Vanessa Mitchell’s Guide to Nutrient-Packed Vegetarian Eating

Vegan nutritionist and dietitian Vanessa Mitchell has made it her mission to help people thrive on a plant-based diet. Her approach to a nutrient-dense vegan diet aims to ensure you get all the essential vitamins, minerals and macronutrients your body needs to be healthy and energized.

Vanessa’s advice will help you design balanced, delicious meals that promote your overall health no matter your level of veganism—long-term or new. Let’s explore her top suggestions now.

Why a Nutritious Vegetarian Diet is Important

Vanessa says that while a well-planned vegan diet can provide all the nutrients the body needs, special attention needs to be paid to a few key ingredients that are often found in animal products.

These include protein, iron, calcium, vitamin B12, and omega-3 fatty acids. Focusing on nutrient-dense plant-based foods will help you meet your dietary needs and still enjoy a variety of great meals.

Vanessa’s Most Nutritious Vegetarian Foods

Rich in protein, iron and fibre, Vanessa’s meals are based on legumes such as black beans, chickpeas and lentils. Whole grains including quinoa, brown rice and oats – which provide complex carbohydrates and essential minerals – are also recommended by her.

Another staple of her diet is leafy greens that are high in calcium, iron, and vitamins A and C, including spinach, kale, and Swiss chard. Vanessa loves almonds, chia seeds, and flaxseeds, which are also great sources of omega-3 healthy fats.
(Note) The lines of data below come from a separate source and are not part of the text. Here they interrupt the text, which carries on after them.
(* Let $\mathbf v\in\mathrm{GF}(q^m)^n$ have rank $r\ge0$. The rank weight enumerator of $\mathcal L=\langle\mathbf v\rangle^\perp$ depends only on $r$ and equals $$W^{\mathrm R}_{\mathcal L}(x,y)=q^{-m}\left\{\big[x+(q^m-1)y\big]^{[n]}+(q^m-1)(x-y)^{[r]}*\big[x+(q^m-1)y\big]^{[n-r]}\right\}.$$
   Context: The rank of a vector over $\mathrm{GF}(q^m)$ is the maximum number of its coordinates linearly independent over $\mathrm{GF}(q)$. $\langle\mathbf v\rangle=\{a\mathbf v:a\in\mathrm{GF}(q^m)\}$ and $\perp$ denotes the dual with respect to the standard inner product $\sum_iu_iv_i$. The rank weight enumerator of a code $\mathcal C\subseteq\mathrm{GF}(q^m)^n$ is $\sum_{\mathbf u\in\mathcal C}y^{\mathrm{rk}(\mathbf u)}x^{n-\mathrm{rk}(\mathbf u)}$. $q$-product: for homogeneous polynomials $a(x,y;m)=\sum_{i=0}^r a_i(m)y^ix^{r-i}$ and $b(x,y;m)=\sum_{j=0}^s b_j(m)y^jx^{s-j}$ with coefficients real functions of $m$ (out-of-range coefficients zero), $a*b=\sum_{u=0}^{r+s}c_u(m)y^ux^{r+s-u}$ with $c_u(m)=\sum_{i=0}^u q^{is}a_i(m)b_{u-i}(m-i)$; $q$-powers: $a^{[0]}=1$, $a^{[n]}=a^{[n-1]}*a$. The polynomial $x+(q^m-1)y$ has coefficients $1$ and $q^m-1$, and $x-y$ has coefficients $1,-1$. *)

theory Defs
  imports Complex_Main
begin

text \<open>F is a subfield of the ambient field (plays the role of GF(q) inside GF(q^m)).\<close>
definition is_subfield :: "'a::field set \<Rightarrow> bool" where
  "is_subfield F \<longleftrightarrow> 0 \<in> F \<and> 1 \<in> F \<and>
     (\<forall>a\<in>F. \<forall>b\<in>F. a + b \<in> F \<and> a * b \<in> F) \<and>
     (\<forall>a\<in>F. - a \<in> F \<and> inverse a \<in> F)"

definition lin_indep_over :: "'a::field set \<Rightarrow> nat set \<Rightarrow> 'a list \<Rightarrow> bool" where
  "lin_indep_over F S u \<longleftrightarrow>
     (\<forall>c. (\<forall>i\<in>S. c i \<in> F) \<and> (\<Sum>i\<in>S. c i * u ! i) = 0 \<longrightarrow> (\<forall>i\<in>S. c i = 0))"

definition rank_over :: "'a::field set \<Rightarrow> 'a list \<Rightarrow> nat" where
  "rank_over F u = Max {card S | S. S \<subseteq> {..<length u} \<and> lin_indep_over F S u}"

definition dual_span :: "'a::field list \<Rightarrow> 'a list set" where
  "dual_span v = {u. length u = length v \<and> (\<Sum>i<length v. u ! i * v ! i) = 0}"

definition rank_weight_enum :: "'a::field set \<Rightarrow> nat \<Rightarrow> 'a list set \<Rightarrow> real \<Rightarrow> real \<Rightarrow> real" where
  "rank_weight_enum F n C x y = (\<Sum>u\<in>C. y ^ rank_over F u * x ^ (n - rank_over F u))"

text \<open>Homogeneous polynomial of degree d in x,y whose coefficients are real functions of m
  (m ranges over int so that shifts m - i make sense): represented as (d, a) with
  polynomial \<Sum>i=0..d. a i m y^i x^(d-i); coefficients with index > d are treated as zero.\<close>
type_synonym hpoly = "nat \<times> (nat \<Rightarrow> int \<Rightarrow> real)"

definition hcoeff :: "hpoly \<Rightarrow> nat \<Rightarrow> int \<Rightarrow> real" where
  "hcoeff p i m = (if i \<le> fst p then snd p i m else 0)"

definition qprod :: "nat \<Rightarrow> hpoly \<Rightarrow> hpoly \<Rightarrow> hpoly" where
  "qprod q a b = (fst a + fst b,
     \<lambda>u m. \<Sum>i=0..u. real q ^ (i * fst b) * hcoeff a i m * hcoeff b (u - i) (m - int i))"

fun qpow :: "nat \<Rightarrow> hpoly \<Rightarrow> nat \<Rightarrow> hpoly" where
  "qpow q a 0 = (0, \<lambda>i m. 1)"
| "qpow q a (Suc n) = qprod q (qpow q a n) a"

definition heval :: "hpoly \<Rightarrow> int \<Rightarrow> real \<Rightarrow> real \<Rightarrow> real" where
  "heval p m x y = (\<Sum>i=0..fst p. hcoeff p i m * y ^ i * x ^ (fst p - i))"

text \<open>x + (q^m - 1) y\<close>
definition poly_A :: "nat \<Rightarrow> hpoly" where
  "poly_A q = (1, \<lambda>i m. if i = 0 then 1 else real q powi m - 1)"

text \<open>x - y\<close>
definition poly_B :: "hpoly" where
  "poly_B = (1, \<lambda>i m. if i = 0 then 1 else -1)"

end

theory Submission
  imports Defs "HOL-Combinatorics.Permutations"
begin
(* In the setting below, let $\Omega_1,\dots,\Omega_k\subseteq\mathcal{X}\times\mathcal{Y}$ with $\mathbb{P}_{P^{\pi^*}_{X,Y}}((X,Y)\in\Omega_j)>0$ for each $j$. For each $j$ let $\{(X_i^{\Omega_j},Y_i^{\Omega_j})\}_{i=1}^{n_j}$ be the calibration points lying in $\Omega_j$, $V_i^{\Omega_j}=s(X_i^{\Omega_j},Y_i^{\Omega_j})$, $$\hat F^{\Omega_j}_n(x,y)=\sum_{i=1}^{n_j}p_i^{\Omega_j}(x,y)\delta_{V_i^{\Omega_j}}+p^{\Omega_j}_{n+1}(x,y)\delta_\infty,\quad p_i^{\Omega_j}(x,y)=\frac{w(X_i^{\Omega_j},Y_i^{\Omega_j})}{\sum_{l=1}^{n_j}w(X_l^{\Omega_j},Y_l^{\Omega_j})+w(x,y)},\ p_{n+1}^{\Omega_j}(x,y)=\frac{w(x,y)}{\sum_{l=1}^{n_j}w(X_l^{\Omega_j},Y_l^{\Omega_j})+w(x,y)},$$ $\eta^{\Omega_j}(x,y)=\mathrm{Quantile}_{1-\alpha}(\hat F^{\Omega_j}_n(x,y))$, $\hat C_n^{\Omega_j}(x)=\{y:(x,y)\in\Omega_j,\ s(x,y)\le\eta^{\Omega_j}(x,y)\}$ and $\hat C_n^\Omega(x)=\bigcup_{j=1}^k\hat C_n^{\Omega_j}(x)$. Then for all $j\in\{1,\dots,k\}$, $$\mathbb{P}_{(X,Y)\sim P^{\pi^*}_{X,Y}}\big(Y\in\hat C_n^\Omega(X)\mid(X,Y)\in\Omega_j\big)\ge1-\alpha.$$
   Context: Setting: covariate space $\mathcal{X}$, outcome space $\mathcal{Y}$, covariate law $P_X$, outcome law $P(y\mid x,a)$, policies $\pi^b,\pi^*$; $P^\pi_{X,Y}$ is the law of $(X,Y)$ with $X\sim P_X$, $A\mid X\sim\pi$, $Y\mid X,A\sim P(\cdot\mid X,A)$; $P^{\pi^*}_{X,Y}\ll P^{\pi^b}_{X,Y}$ and $w=\mathrm{d}P^{\pi^*}_{X,Y}/\mathrm{d}P^{\pi^b}_{X,Y}$ (exact weights). Calibration data $\{(X_i,Y_i)\}_{i=1}^n$ i.i.d. from $P^{\pi^b}_{X,Y}$; score function $s$; $\alpha\in(0,1)$; $\mathrm{Quantile}_\beta(F)=\inf\{z:F((-\infty,z])\ge\beta\}$. Probability is over calibration data and an independent test pair. *)

theory Defs
  imports "HOL-Probability.Probability"
begin

definition policy_law ::
  "'x measure \<Rightarrow> 'y measure \<Rightarrow> ('x \<Rightarrow> 'a measure) \<Rightarrow> ('x \<times> 'a \<Rightarrow> 'y measure) \<Rightarrow> ('x \<times> 'y) measure" where
  "policy_law PX MY pol K =
     PX \<bind> (\<lambda>x. pol x \<bind> (\<lambda>a. K (x, a) \<bind> (\<lambda>y. return (PX \<Otimes>\<^sub>M MY) (x, y))))"

definition cal_idx :: "nat \<Rightarrow> (nat \<Rightarrow> 'x \<times> 'y) \<Rightarrow> ('x \<times> 'y) set \<Rightarrow> nat set" where
  "cal_idx n D Om = {i \<in> {..<n}. D i \<in> Om}"

definition wdenom :: "(('x \<times> 'y) \<Rightarrow> real) \<Rightarrow> nat \<Rightarrow> (nat \<Rightarrow> 'x \<times> 'y) \<Rightarrow> ('x \<times> 'y) set \<Rightarrow> 'x \<times> 'y \<Rightarrow> real" where
  "wdenom w n D Om t = (\<Sum>l\<in>cal_idx n D Om. w (D l)) + w t"

definition wcdf ::
  "(('x \<times> 'y) \<Rightarrow> real) \<Rightarrow> (('x \<times> 'y) \<Rightarrow> real) \<Rightarrow> nat \<Rightarrow> (nat \<Rightarrow> 'x \<times> 'y) \<Rightarrow> ('x \<times> 'y) set \<Rightarrow> 'x \<times> 'y \<Rightarrow> ereal \<Rightarrow> real" where
  "wcdf w s n D Om t z =
     (\<Sum>i\<in>cal_idx n D Om. if ereal (s (D i)) \<le> z then w (D i) / wdenom w n D Om t else 0)
     + (if \<infinity> \<le> z then w t / wdenom w n D Om t else 0)"

definition wquantile ::
  "real \<Rightarrow> (('x \<times> 'y) \<Rightarrow> real) \<Rightarrow> (('x \<times> 'y) \<Rightarrow> real) \<Rightarrow> nat \<Rightarrow> (nat \<Rightarrow> 'x \<times> 'y) \<Rightarrow> ('x \<times> 'y) set \<Rightarrow> 'x \<times> 'y \<Rightarrow> ereal" where
  "wquantile beta w s n D Om t = Inf {z. wcdf w s n D Om t z \<ge> beta}"

definition region_set ::
  "real \<Rightarrow> (('x \<times> 'y) \<Rightarrow> real) \<Rightarrow> (('x \<times> 'y) \<Rightarrow> real) \<Rightarrow> nat \<Rightarrow> (nat \<Rightarrow> 'x \<times> 'y) \<Rightarrow> ('x \<times> 'y) set \<Rightarrow> 'x \<Rightarrow> 'y set" where
  "region_set alpha w s n D Om x =
     {y. (x, y) \<in> Om \<and> ereal (s (x, y)) \<le> wquantile (1 - alpha) w s n D Om (x, y)}"

definition union_set ::
  "real \<Rightarrow> (('x \<times> 'y) \<Rightarrow> real) \<Rightarrow> (('x \<times> 'y) \<Rightarrow> real) \<Rightarrow> nat \<Rightarrow> (nat \<Rightarrow> 'x \<times> 'y) \<Rightarrow> nat \<Rightarrow> (nat \<Rightarrow> ('x \<times> 'y) set) \<Rightarrow> 'x \<Rightarrow> 'y set" where
  "union_set alpha w s n D k Om x = (\<Union>j\<in>{1..k}. region_set alpha w s n D (Om j) x)"

end

theory Submission
  imports Defs "HOL-Combinatorics.Permutations"
begin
How to build a balanced vegetarian meal

Vanessa recommends starting your morning with a nutrient-rich smoothie made with almond milk, banana, spinach, and a spoonful of chia seeds. A quinoa salad with mixed vegetables, chickpeas, and a lemon-tahini dressing can make for a filling and healthy lunch.

Dinner could be brown rice stir-fried with tofu, broccoli and cashews. Combining these nutrient-dense foods in unique ways will help you enjoy great, balanced meals that fit your vegetarian diet.